Oddly, the intelligence officials surmised that Al Qaeda is weak because the U.S. withdrawal from Afghanistan meant that Al Qaeda fighters no longer had a “proving ground” to battle U.S. forces.

Additionally, the intelligence officials claimed that Al Qaeda “was left without ‘leadership talent’ and “strategic guidance'” after the U.S. killed Al Qaeda emir Ayman al-Zawahiri in a drone strike at a Taliban safe house in Kabul in the summer of 2022, CNN reported.

The intelligence officials dismissed the UN Monitoring Team’s report as “an outlier within the UN system” and “‘wildly out of whack’ with intelligence collected by the US and its partners,” CNN noted.

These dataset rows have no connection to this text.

lemma elem_sym_Cons_telescope:
  "(\<Sum>l\<le>k. (-1) ^ l * elem_sym (x # xs) l * x ^ (Suc k - l)) = (-1) ^ k * elem_sym xs k * x"
proof -
  define u where "u l = (-1) ^ l * elem_sym xs l * x ^ (Suc k - l)" for l
  have "(-1) ^ l * elem_sym (x # xs) l * x ^ (Suc k - l) = u l - (if l = 0 then 0 else u (l - 1))"
    if "l \<le> k" for l
  proof (cases l)
    case (Suc l')
    then have "Suc k - l' = Suc (Suc k - l)"
      using that by simp
    then show ?thesis
      unfolding u_def Suc by (simp add: algebra_simps)
  qed (simp add: u_def)
  then have "(\<Sum>l\<le>k. (-1) ^ l * elem_sym (x # xs) l * x ^ (Suc k - l)) =
      (\<Sum>l\<le>k. u l - (if l = 0 then 0 else u (l - 1)))"
    by (intro sum.cong) auto
  also have "\<dots> = u k"
    by (induction k) auto
  finally show ?thesis
    unfolding u_def by simp
qed

lemma newton_identity:
  fixes xs :: "'a :: comm_ring_1 list"
  shows "(\<Sum>l\<le>k. (-1) ^ l * elem_sym xs l * power_sum xs (Suc k - l))
    + (-1) ^ Suc k * of_nat (Suc k) * elem_sym xs (Suc k) = 0"
proof (induction xs arbitrary: k)
  case Nil
  then show ?case
    unfolding power_sum_def by simp
next
  case (Cons x xs)
  let ?e = "elem_sym xs" and ?p = "power_sum xs"
  define e_shift where "e_shift l = (if l = 0 then 0 else ?e (l - 1))" for l
  have e_Cons: "elem_sym (x # xs) l = ?e l + x * e_shift l" for l
    unfolding e_shift_def by simp
  have shifted: "(\<Sum>l\<le>k. (-1) ^ l * (x * e_shift l) * ?p (Suc k - l)) = x * (-1) ^ k * of_nat k * ?e k"
  proof (cases k)
    case 0
    then show ?thesis
      unfolding e_shift_def by simp
  next
    case (Suc k')
    have "(\<Sum>l\<le>k. (-1) ^ l * (x * e_shift l) * ?p (Suc k - l)) =
        - x * (\<Sum>l\<le>k'. (-1) ^ l * ?e l * ?p (Suc k' - l))"
      unfolding Suc by (subst sum.atMost_Suc_shift) (simp add: e_shift_def sum_distrib_left algebra_simps)
    also have "\<dots> = x * ((-1) ^ Suc k' * of_nat (Suc k') * ?e (Suc k'))"
      using Cons.IH[of k'] by (simp add: eq_neg_iff_add_eq_0)
    finally show ?thesis
      unfolding Suc by simp
  qed
  have "(\<Sum>l\<le>k. (-1) ^ l * elem_sym (x # xs) l * power_sum (x # xs) (Suc k - l)) =
      (\<Sum>l\<le>k. (-1) ^ l * ?e l * ?p (Suc k - l)) + (\<Sum>l\<le>k. (-1) ^ l * (x * e_shift l) * ?p (Suc k - l))
      + (\<Sum>l\<le>k. (-1) ^ l * elem_sym (x # xs) l * x ^ (Suc k - l))"
    unfolding power_sum_def e_Cons by (simp add: algebra_simps sum.distrib del: elem_sym.simps)
  also have "\<dots> = - ((-1) ^ Suc k * of_nat (Suc k) * ?e (Suc k)) + x * (-1) ^ k * of_nat k * ?e k
      + (-1) ^ k * ?e k * x"
    unfolding shifted elem_sym_Cons_telescope using Cons.IH[of k] by (simp add: eq_neg_iff_add_eq_0)
  finally show ?case
    unfolding e_Cons[of "Suc k"] e_shift_def by (simp add: algebra_simps)
qed

lemma newton_recursion_unique:
  fixes xs :: "'a :: field_char_0 list"
  assumes "a 0 = 1"
    and rec: "\<And>j. - of_nat (Suc j) * a (Suc j) = (\<Sum>l\<le>j. a l * power_sum xs (Suc j - l))"
  shows "a k = (-1) ^ k * elem_sym xs k"
proof (induction k rule: less_induct)
  case (less k)
  show ?case
  proof (cases k)
    case 0
    then show ?thesis
      using assms(1) by simp
  next
    case (Suc j)
    have "- of_nat (Suc j) * a (Suc j) = (\<Sum>l\<le>j. (-1) ^ l * elem_sym xs l * power_sum xs (Suc j - l))"
      unfolding rec using less Suc by (intro sum.cong) auto
    also have "\<dots> = - of_nat (Suc j) * ((-1) ^ Suc j * elem_sym xs (Suc j))"
      using newton_identity[of xs j] by (simp add: eq_neg_iff_add_eq_0) (simp add: algebra_simps)
    finally have "of_nat (Suc j) * a (Suc j) = of_nat (Suc j) * ((-1) ^ Suc j * elem_sym xs (Suc j))"
      by (simp only: mult_minus_left neg_equal_iff_equal)
    then show ?thesis
      unfolding Suc mult_cancel_left of_nat_eq_0_iff by simp
  qed
qed

section \<open>The Faddeev--LeVerrier recursion\<close>

lemma faddeev_leverrier_upper_triangular:
  fixes T :: "'a :: comm_ring_1 mat"
  assumes T: "T \<in> carrier_mat n n" "upper_triangular T"
    and Ts_0: "Ts 0 = T" and Ts_Suc: "\<And>j. Ts (Suc j) = T * (Ts j - c (Suc j) \<cdot>\<^sub>m 1\<^sub>m n)"
  shows "Ts j \<in> carrier_mat n n \<and> upper_triangular (Ts j) \<and>
    (\<forall>i<n. Ts j $$ (i, i) = (\<Sum>l\<le>j. (if l = 0 then 1 else - c l) * T $$ (i, i) ^ (Suc j - l)))"
proof (induction j)
  case 0
  then show ?case
    using T by (simp add: Ts_0)
next
  case (Suc j)
  let ?a = "\<lambda>l. if l = 0 then 1 else - c l"
  let ?X = "Ts j - c (Suc j) \<cdot>\<^sub>m 1\<^sub>m n"
  have X: "?X \<in> carrier_mat n n" "upper_triangular ?X"
    using Suc.IH by (auto simp: upper_triangular_minus_smult_one)
  have "(T * ?X) $$ (i, i) = (\<Sum>l\<le>Suc j. ?a l * T $$ (i, i) ^ (Suc (Suc j) - l))" if "i < n" for i
  proof -
    let ?x = "T $$ (i, i)"
    have "(\<Sum>l\<le>j. ?x * (?a l * ?x ^ (Suc j - l))) = (\<Sum>l\<le>j. ?a l * ?x ^ (Suc (Suc j) - l))"
      by (intro sum.cong) (auto simp: Suc_diff_le algebra_simps)
    then show ?thesis
      using upper_triangular_mult_diag[OF T(1) X(1) T(2) X(2) that] Suc.IH that
      by (simp add: sum_distrib_left algebra_simps)
  qed
  then show ?case
    using upper_triangular_mult[OF T(1) X(1) T(2) X(2)] T(1) X(1) by (simp add: Ts_Suc)
qed

lemma faddeev_leverrier_trace_upper_triangular:
  fixes T :: "'a :: comm_ring_1 mat"
  assumes T: "T \<in> carrier_mat n n" "upper_triangular T"
    and Ts_0: "Ts 0 = T" and Ts_Suc: "\<And>j. Ts (Suc j) = T * (Ts j - c (Suc j) \<cdot>\<^sub>m 1\<^sub>m n)"
  shows "trace (Ts j) = (\<Sum>l\<le>j. (if l = 0 then 1 else - c l) * power_sum (diag_mat T) (Suc j - l))"
proof -
  let ?a = "\<lambda>l. if l = 0 then 1 else - c l"
  note Ts = faddeev_leverrier_upper_triangular[where Ts = Ts and c = c, OF T Ts_0 Ts_Suc, of j]
  have "trace (Ts j) = (\<Sum>i<n. \<Sum>l\<le>j. ?a l * T $$ (i, i) ^ (Suc j - l))"
    unfolding trace_def using Ts by (auto intro: sum.cong)
  also have "\<dots> = (\<Sum>l\<le>j. ?a l * (\<Sum>i<n. T $$ (i, i) ^ (Suc j - l)))"
    unfolding sum_distrib_left by (rule sum.swap)
  also have "\<dots> = (\<Sum>l\<le>j. ?a l * power_sum (diag_mat T) (Suc j - l))"
    using T(1) by (simp add: power_sum_def diag_mat_def sum_list_sum_nth atLeast0LessThan)
  finally show ?thesis .
qed
lemma cubic_estimate:
  fixes p1 p2 a b g e d X Y C :: real
  assumes p1: "0 \<le> p1" "p1 \<le> g * pi" and p2: "a * pi \<le> p2" "p2 \<le> b * pi"
    and "0 < a" "0 \<le> X" "X \<le> e" "0 \<le> d" "d \<le> Y" "3 \<le> C"
    and certificate: "pi\<^sup>2 * (e * g * (a * b + g\<^sup>2)) \<le> 21 * a * d"
  shows "X * (p1\<^sup>2 + p2\<^sup>2) * p1 \<le> 7 * C * Y * p2"
proof -
  have "0 < a * pi" using \<open>0 < a\<close> by simp
  then have "0 \<le> p2" using p2(1) by linarith
  have "0 \<le> g * pi" using p1 by linarith
  then have "0 \<le> g" using pi_gt_zero by (simp add: zero_le_mult_iff)
  have "0 \<le> e" using \<open>0 \<le> X\<close> \<open>X \<le> e\<close> by linarith
  have "p1\<^sup>2 + p2\<^sup>2 \<le> (g * pi)\<^sup>2 + p2 * (b * pi)"
    using power_mono[OF p1(2) p1(1), of 2] mult_left_mono[OF p2(2) \<open>0 \<le> p2\<close>]
    by (simp add: power2_eq_square)
  moreover have "0 \<le> p1\<^sup>2 + p2\<^sup>2" by simp
  ultimately have "0 \<le> e * ((g * pi)\<^sup>2 + p2 * (b * pi))"
    using \<open>0 \<le> e\<close> by (intro mult_nonneg_nonneg) linarith+
  with \<open>p1\<^sup>2 + p2\<^sup>2 \<le> _\<close>
  have "X * (p1\<^sup>2 + p2\<^sup>2) * p1 \<le> e * ((g * pi)\<^sup>2 + p2 * (b * pi)) * (g * pi)"
    using assms by (intro mult_mono) auto
  also have "\<dots> = pi * (e * g ^ 3 * pi\<^sup>2) + p2 * (pi\<^sup>2 * e * g * b)"
    by (simp add: algebra_simps power2_eq_square power3_eq_cube)
  also have "\<dots> \<le> p2 / a * (e * g ^ 3 * pi\<^sup>2) + p2 * (pi\<^sup>2 * e * g * b)"
    using p2(1) \<open>0 < a\<close> \<open>0 \<le> g\<close> \<open>0 \<le> e\<close>
    by (intro add_right_mono mult_right_mono) (auto simp: field_simps)
  also have "\<dots> = p2 / a * (pi\<^sup>2 * (e * g * (a * b + g\<^sup>2)))"
    using \<open>0 < a\<close> by (simp add: field_simps power2_eq_square power3_eq_cube)
  also have "\<dots> \<le> p2 / a * (21 * a * d)"
    using certificate \<open>0 \<le> p2\<close> \<open>0 < a\<close> by (intro mult_left_mono) auto
  also have "\<dots> \<le> 7 * C * Y * p2"
    using \<open>0 \<le> p2\<close> \<open>0 < a\<close> assms by (simp add: mult_mono mult_right_mono)
  finally show ?thesis .
qed

lemma cubic_estimate_on_interval:
  assumes "cubic_certificate x0 x1" "1 < x0" "x0 \<le> x" "x \<le> x1" "3 \<le> x\<^sup>2" "3 \<le> C"
    and "0 \<le> p1" "p1 \<le> pi * psi1_ub x" "pi * psi2_lb x \<le> p2" "p2 \<le> pi * psi2_ub x"
  shows "(x\<^sup>2 - 3) * (p1\<^sup>2 + p2\<^sup>2) * p1 \<le> 7 * C * ((x\<^sup>2 - 1)\<^sup>2 / x\<^sup>2) * p2"
proof (rule cubic_estimate)
  have mono: "psi1_ub x \<le> psi1_ub x1" "psi2_lb x0 \<le> psi2_lb x" "psi2_ub x \<le> psi2_ub x1"
    using psi_bounds_mono assms by auto
  then have "pi * psi1_ub x \<le> pi * psi1_ub x1" "pi * psi2_lb x0 \<le> pi * psi2_lb x"
    "pi * psi2_ub x \<le> pi * psi2_ub x1" by simp_all
  then show "p1 \<le> psi1_ub x1 * pi" "psi2_lb x0 * pi \<le> p2" "p2 \<le> psi2_ub x1 * pi"
    using assms(8-10) by (simp_all only: mult.commute[of _ pi])
  have "0 < 1 - 1 / x0\<^sup>2" using assms(2) by simp
  then show "0 < psi2_lb x0" unfolding psi2_lb_def by (intro mult_pos_pos add_pos_nonneg) auto
  show "x\<^sup>2 - 3 \<le> x1\<^sup>2 - 3" using assms by (simp add: power_mono)
  have "1 / x0 < 1" "1 / x \<le> 1 / x0" using assms by (auto intro: divide_left_mono)
  then have "x0 - 1 / x0 \<le> x - 1 / x" "0 \<le> x0 - 1 / x0" using assms by linarith+
  then have "(x0 - 1 / x0)\<^sup>2 \<le> (x - 1 / x)\<^sup>2" by (rule power_mono)
  also have "(x - 1 / x)\<^sup>2 = (x\<^sup>2 - 1)\<^sup>2 / x\<^sup>2" using assms by (simp add: field_simps power2_eq_square)
  finally show "(x0 - 1 / x0)\<^sup>2 \<le> (x\<^sup>2 - 1)\<^sup>2 / x\<^sup>2" .
  have "1 \<le> x1\<^sup>2" using assms by (simp add: one_le_power)
  then have "1 / (2 * x1\<^sup>2) \<le> 1" by (simp add: divide_le_eq)
  then have "0 \<le> psi1_ub x1" by (simp add: psi1_ub_def)
  have "0 \<le> psi2_ub x1" using assms by (simp add: psi2_ub_def)
  have "0 \<le> x1\<^sup>2 - 3" using \<open>x\<^sup>2 - 3 \<le> x1\<^sup>2 - 3\<close> assms(5) by linarith
  have "0 \<le> (x1\<^sup>2 - 3) * psi1_ub x1 * (psi2_lb x0 * psi2_ub x1 + (psi1_ub x1)\<^sup>2)"
    using \<open>0 \<le> x1\<^sup>2 - 3\<close> \<open>0 < psi2_lb x0\<close> \<open>0 \<le> psi1_ub x1\<close> \<open>0 \<le> psi2_ub x1\<close>
    by (intro mult_nonneg_nonneg add_nonneg_nonneg) auto
  moreover have "pi\<^sup>2 \<le> (31416/10000)\<^sup>2" using pi_approx by (intro power_mono) auto
  ultimately show "pi\<^sup>2 * ((x1\<^sup>2 - 3) * psi1_ub x1 * (psi2_lb x0 * psi2_ub x1 + (psi1_ub x1)\<^sup>2))
      \<le> 21 * psi2_lb x0 * (x0 - 1 / x0)\<^sup>2"
    using assms(1) unfolding cubic_certificate_def by (meson mult_right_mono order_trans)
qed (use assms in auto)

lemma consecutive_interval_cover:
  fixes x :: "'a :: linorder"
  assumes "a \<le> x" "x \<le> last (a # ts)" "ts \<noteq> []"
  shows "\<exists>(l, u) \<in> set (zip (a # ts) ts). l \<le> x \<and> x \<le> u"
  using assms
proof (induction ts arbitrary: a)
  case (Cons t ts)
  show ?case
  proof (cases "x \<le> t")
    case False
    with Cons.prems have "t \<le> x" "x \<le> last (t # ts)" "ts \<noteq> []" by (auto split: if_splits)
    from Cons.IH[OF this] show ?thesis by auto
  qed (use Cons.prems in auto)
qed simp

lemma cubic_estimate_sqrt3_5:
  assumes "3 \<le> x\<^sup>2" "x \<le> 5" "0 < x" "3 \<le> C"
    and "0 \<le> p1" "p1 \<le> pi * psi1_ub x" "pi * psi2_lb x \<le> p2" "p2 \<le> pi * psi2_ub x"
  shows "(x\<^sup>2 - 3) * (p1\<^sup>2 + p2\<^sup>2) * p1 \<le> 7 * C * ((x\<^sup>2 - 1)\<^sup>2 / x\<^sup>2) * p2"
proof -
  have "173/100 \<le> x"
  proof (rule ccontr)
    assume "\<not> 173/100 \<le> x"
    then have "x\<^sup>2 < (173/100)\<^sup>2" using assms(3) by (intro power_strict_mono) auto
    with assms(1) show False by (simp add: power2_eq_square)
  qed
  moreover have "cubic_breakpoints = 173/100 # tl cubic_breakpoints" "last cubic_breakpoints = 5"
    "tl cubic_breakpoints \<noteq> []" by (simp_all add: cubic_breakpoints_def)
  ultimately have "\<exists>(l, u) \<in> set (zip cubic_breakpoints (tl cubic_breakpoints)). l \<le> x \<and> x \<le> u"
    using consecutive_interval_cover[of "173/100" x "tl cubic_breakpoints"] assms(2) by simp
  then obtain l u where lu: "(l, u) \<in> set (zip cubic_breakpoints (tl cubic_breakpoints))" "l \<le> x" "x \<le> u"
    by blast
  then have "1 < l" "cubic_certificate l u" using cubic_breakpoints_certified by auto
  with lu assms show ?thesis by (intro cubic_estimate_on_interval) auto
qed

lemma psi_cubic_inequality:
  assumes "1 < x" "x \<le> 5" "3 \<le> C"
  shows "0 \<le> (3 - x\<^sup>2) * ((psi1 x)\<^sup>2 + (psi2 x)\<^sup>2) * psi1 x + 7 * C * ((x\<^sup>2 - 1)\<^sup>2 / x\<^sup>2) * psi2 x"
proof -
  have "0 < 1 - 1 / x\<^sup>2" using assms by simp
  then have "0 < pi * psi2_lb x" unfolding psi2_lb_def by (intro mult_pos_pos add_pos_nonneg) auto
  then have "0 \<le> psi2 x" using psi2_bounds(1)[OF assms(1)] by linarith
  then have C: "0 \<le> 7 * C * ((x\<^sup>2 - 1)\<^sup>2 / x\<^sup>2) * psi2 x" using assms by simp
  show ?thesis
  proof (cases "x\<^sup>2 \<le> 3")
    case True
    then show ?thesis using psi1_bounds(1)[OF assms(1)] C by simp
  next
    case False
    then show ?thesis
      using cubic_estimate_sqrt3_5[of x C "psi1 x" "psi2 x"] assms psi1_bounds[OF assms(1)]
        psi2_bounds[OF assms(1)]
      by (simp add: algebra_simps)
  qed
qed

lemma has_derivative_mult_sqrt_sum_sq_power:
  fixes f1 f2 h :: "real \<Rightarrow> real"
  assumes "(f1 has_real_derivative d1) (at x)" "(f2 has_real_derivative d2) (at x)"
    and "(h has_real_derivative dh) (at x)" "0 < (f1 x)\<^sup>2 + (f2 x)\<^sup>2"
  shows "((\<lambda>x. h x * sqrt ((f1 x)\<^sup>2 + (f2 x)\<^sup>2) ^ (k + 2)) has_real_derivative
      sqrt ((f1 x)\<^sup>2 + (f2 x)\<^sup>2) ^ k * (dh * ((f1 x)\<^sup>2 + (f2 x)\<^sup>2)
        + (real k + 2) * h x * (f1 x * d1 + f2 x * d2))) (at x)"
proof -
  define P where "P x = (f1 x)\<^sup>2 + (f2 x)\<^sup>2" for x
  have "(P has_real_derivative 2 * (f1 x * d1 + f2 x * d2)) (at x)"
    unfolding P_def using assms by (auto intro!: derivative_eq_intros simp: algebra_simps)
  from DERIV_chain2[OF DERIV_real_sqrt this] assms(4)
  have "((\<lambda>x. sqrt (P x)) has_real_derivative inverse (sqrt (P x)) / 2 * (2 * (f1 x * d1 + f2 x * d2))) (at x)"
    by (simp add: P_def)
  from DERIV_mult[OF assms(3) DERIV_chain2[OF DERIV_pow this, of "k + 2"]]
  have "((\<lambda>x. h x * sqrt (P x) ^ (k + 2)) has_real_derivative
      sqrt (P x) ^ k * (dh * P x + (real k + 2) * h x * (f1 x * d1 + f2 x * d2))) (at x)"
  proof (rule DERIV_cong)
    have "0 < sqrt (P x)" "sqrt (P x) * sqrt (P x) = P x" using assms(4) by (auto simp: P_def)
    then show "dh * sqrt (P x) ^ (k + 2) + real (k + 2) * sqrt (P x) ^ (k + 2 - Suc 0)
        * (inverse (sqrt (P x)) / 2 * (2 * (f1 x * d1 + f2 x * d2))) * h x
      = sqrt (P x) ^ k * (dh * P x + (real k + 2) * h x * (f1 x * d1 + f2 x * d2))"
      by (simp add: field_simps power_add)
  qed
  then show ?thesis unfolding P_def .
qed

lemma omega_pplus_has_derivative:
  assumes "1 < x" and C: "\<And>x. 1 < x \<Longrightarrow> omega x = C * (x\<^sup>2 - 1) / x ^ 3"
    and d1: "(psi1 has_real_derivative d1) (at x)" and d2: "(psi2 has_real_derivative d2) (at x)"
  shows "((\<lambda>x. omega x * pplus x ^ 7) has_real_derivative
      pplus x ^ 5 * (C * (3 - x\<^sup>2) / x ^ 4 * ((psi1 x)\<^sup>2 + (psi2 x)\<^sup>2)
        + 7 * omega x * (psi1 x * d1 + psi2 x * d2))) (at x)"
proof -
  have "((\<lambda>x. C * (x\<^sup>2 - 1) / x ^ 3) has_real_derivative C * (3 - x\<^sup>2) / x ^ 4) (at x)"
    using assms by (auto intro!: derivative_eq_intros simp: field_simps eval_nat_numeral)
  from has_derivative_mult_sqrt_sum_sq_power[OF d1 d2 this, of 5] psi1_bounds(1)[OF assms(1)]
  have "((\<lambda>x. C * (x\<^sup>2 - 1) / x ^ 3 * pplus x ^ 7) has_real_derivative
      pplus x ^ 5 * (C * (3 - x\<^sup>2) / x ^ 4 * ((psi1 x)\<^sup>2 + (psi2 x)\<^sup>2)
        + 7 * (C * (x\<^sup>2 - 1) / x ^ 3) * (psi1 x * d1 + psi2 x * d2))) (at x)"
    by (simp add: pplus_def numeral_eq_Suc add_pos_nonneg)
  then show ?thesis
    unfolding C[OF assms(1)]
    by (rule has_field_derivative_transform_within_open[where S = "{1<..}"]) (use C assms(1) in auto)
qed

lemma omega_pplus_derivative_factor_nonneg:
  assumes x: "1 < x" "x \<le> 5" and C: "3 \<le> C" "omega x = C * (x\<^sup>2 - 1) / x ^ 3"
    and d1: "(psi1 has_real_derivative d1) (at x)" "0 \<le> d1"
    and d2: "(psi2 has_real_derivative d2) (at x)"
  shows "0 \<le> C * (3 - x\<^sup>2) / x ^ 4 * ((psi1 x)\<^sup>2 + (psi2 x)\<^sup>2) + 7 * omega x * (psi1 x * d1 + psi2 x * d2)"
proof -
  define P where "P = (psi1 x)\<^sup>2 + (psi2 x)\<^sup>2"
  have wronskian: "omega x = d2 * psi1 x - psi2 x * d1"
    using vector_derivative_within_atLeast[OF d1(1)] vector_derivative_within_atLeast[OF d2] x
    by (simp add: omega_def)
  have omega_sq: "(omega x)\<^sup>2 = C / x ^ 4 * (C * ((x\<^sup>2 - 1)\<^sup>2 / x\<^sup>2))"
    using x unfolding C(2) by (simp add: field_simps eval_nat_numeral)
  have "psi1 x * (C * (3 - x\<^sup>2) / x ^ 4 * P + 7 * omega x * (psi1 x * d1 + psi2 x * d2))
      = C * (3 - x\<^sup>2) / x ^ 4 * P * psi1 x + 7 * omega x * d1 * P
        + 7 * omega x * (d2 * psi1 x - psi2 x * d1) * psi2 x"
    by (simp add: P_def algebra_simps power2_eq_square)
  also have "\<dots> = C * (3 - x\<^sup>2) / x ^ 4 * P * psi1 x + 7 * (omega x)\<^sup>2 * psi2 x + 7 * omega x * d1 * P"
    unfolding wronskian[symmetric] by (simp add: power2_eq_square)
  also have "\<dots> = C / x ^ 4 * ((3 - x\<^sup>2) * P * psi1 x + 7 * C * ((x\<^sup>2 - 1)\<^sup>2 / x\<^sup>2) * psi2 x)
      + 7 * omega x * d1 * P"
    unfolding omega_sq using x by (simp add: field_simps power2_eq_square eval_nat_numeral)
  also have "0 \<le> \<dots>"
  proof (rule add_nonneg_nonneg)
    show "0 \<le> C / x ^ 4 * ((3 - x\<^sup>2) * P * psi1 x + 7 * C * ((x\<^sup>2 - 1)\<^sup>2 / x\<^sup>2) * psi2 x)"
      using psi_cubic_inequality[OF x C(1)] C(1) x unfolding P_def
      by (intro mult_nonneg_nonneg) auto
    have "0 \<le> omega x" using omega_nonneg x by simp
    then show "0 \<le> 7 * omega x * d1 * P" using d1(2) by (simp add: P_def)
  qed
  finally show ?thesis
    using psi1_bounds(1)[OF x(1)] by (simp add: P_def zero_le_mult_iff)
qed

lemma omega_pplus_has_nonneg_derivative:
  assumes "1 < x" "x \<le> 5"
  shows "\<exists>D. ((\<lambda>x. omega x * pplus x ^ 7) has_real_derivative D) (at x) \<and> 0 \<le> D"
proof -
  obtain C where C: "3 \<le> C" "\<And>x. 1 < x \<Longrightarrow> omega x = C * (x\<^sup>2 - 1) / x ^ 3"
    using omega_closed_form by blast
  define d1 where "d1 = - 3 / x ^ 3 * dphi1 (1 / x\<^sup>2)"
  define d2 where "d2 = - 3 / x ^ 3 * dphi2 (1 / x\<^sup>2)"
  have "dphi1 (1 / x\<^sup>2) \<le> 0" using dphi1_bounds(2)[of "1 / x\<^sup>2"] assms by simp
  then have d1: "(psi1 has_real_derivative d1) (at x)" "0 \<le> d1"
    using psi1_has_derivative[OF assms(1)] assms by (auto simp: d1_def intro!: divide_nonpos_pos)
  have d2: "(psi2 has_real_derivative d2) (at x)"
    using psi2_has_derivative assms by (simp add: d2_def)
  show ?thesis
    using omega_pplus_has_derivative[OF assms(1) C(2) d1(1) d2]
      omega_pplus_derivative_factor_nonneg[OF assms C(1) C(2)[OF assms(1)] d1 d2]
    by (auto simp: pplus_def)
qed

However, the UN Monitoring Team’s report closely tracks with information on Al Qaeda’s historical and recent operations in Afghanistan that has been gathered by FDD’s Long War Journal.

A Historical Nadir?

The unnamed intelligence officials were incredibly dismissive of the Monitoring Team’s report, which was released in early June. According to the Monitoring Team, the Al Qaeda camps are located in six Afghan provinces: Helmand, Zabul, Badghis, Nangarhar, Nuristan, and Kunar. Additionally, the Monitoring Team noted that Al Qaeda has established “safe houses” in Farah, Helmand, Herat and Kabul, and opened a media operations center in Herat.

Despite the assertions of the U.S. intelligence officials, Al Qaeda was known to have a significant presence in the provinces of Helmand, Farah, Zabul, Kunar, Nuristan, and Nangarhar prior to the U.S. withdrawal from Afghanistan. There is no indication that Al Qaeda abandoned these provinces with post-U.S. withdrawal. As the Monitoring Team has noted and FDD’s Long War Journal has independently assessed, the Taliban-Al Qaeda relationship remains strong.

Helmand province has long been fertile ground for Al Qaeda. In 2015, FDD’s Long War Journal reported that Al Qaeda was operating a training camp in Baramcha in Helmand (the camp in Baramcha was known to be in operation as recently as 2020). Zabul, Kunar, and Nuristan were identified by Osama bin Laden as critical, friendly terrain for Al Qaeda back in 2010, when Osama bin Laden instructed some of Al Qaeda’s leaders to relocate to Zabul, Nuristan, Kunar, and Ghazni provinces in eastern Afghanistan to avoid the U.S. drone campaign in North and South Waziristan. Historically, Al Qaeda has operated training camps in both Kunar and Nuristan, and Zabul (as well as Ghazni) is a traditional Al Qaeda stronghold.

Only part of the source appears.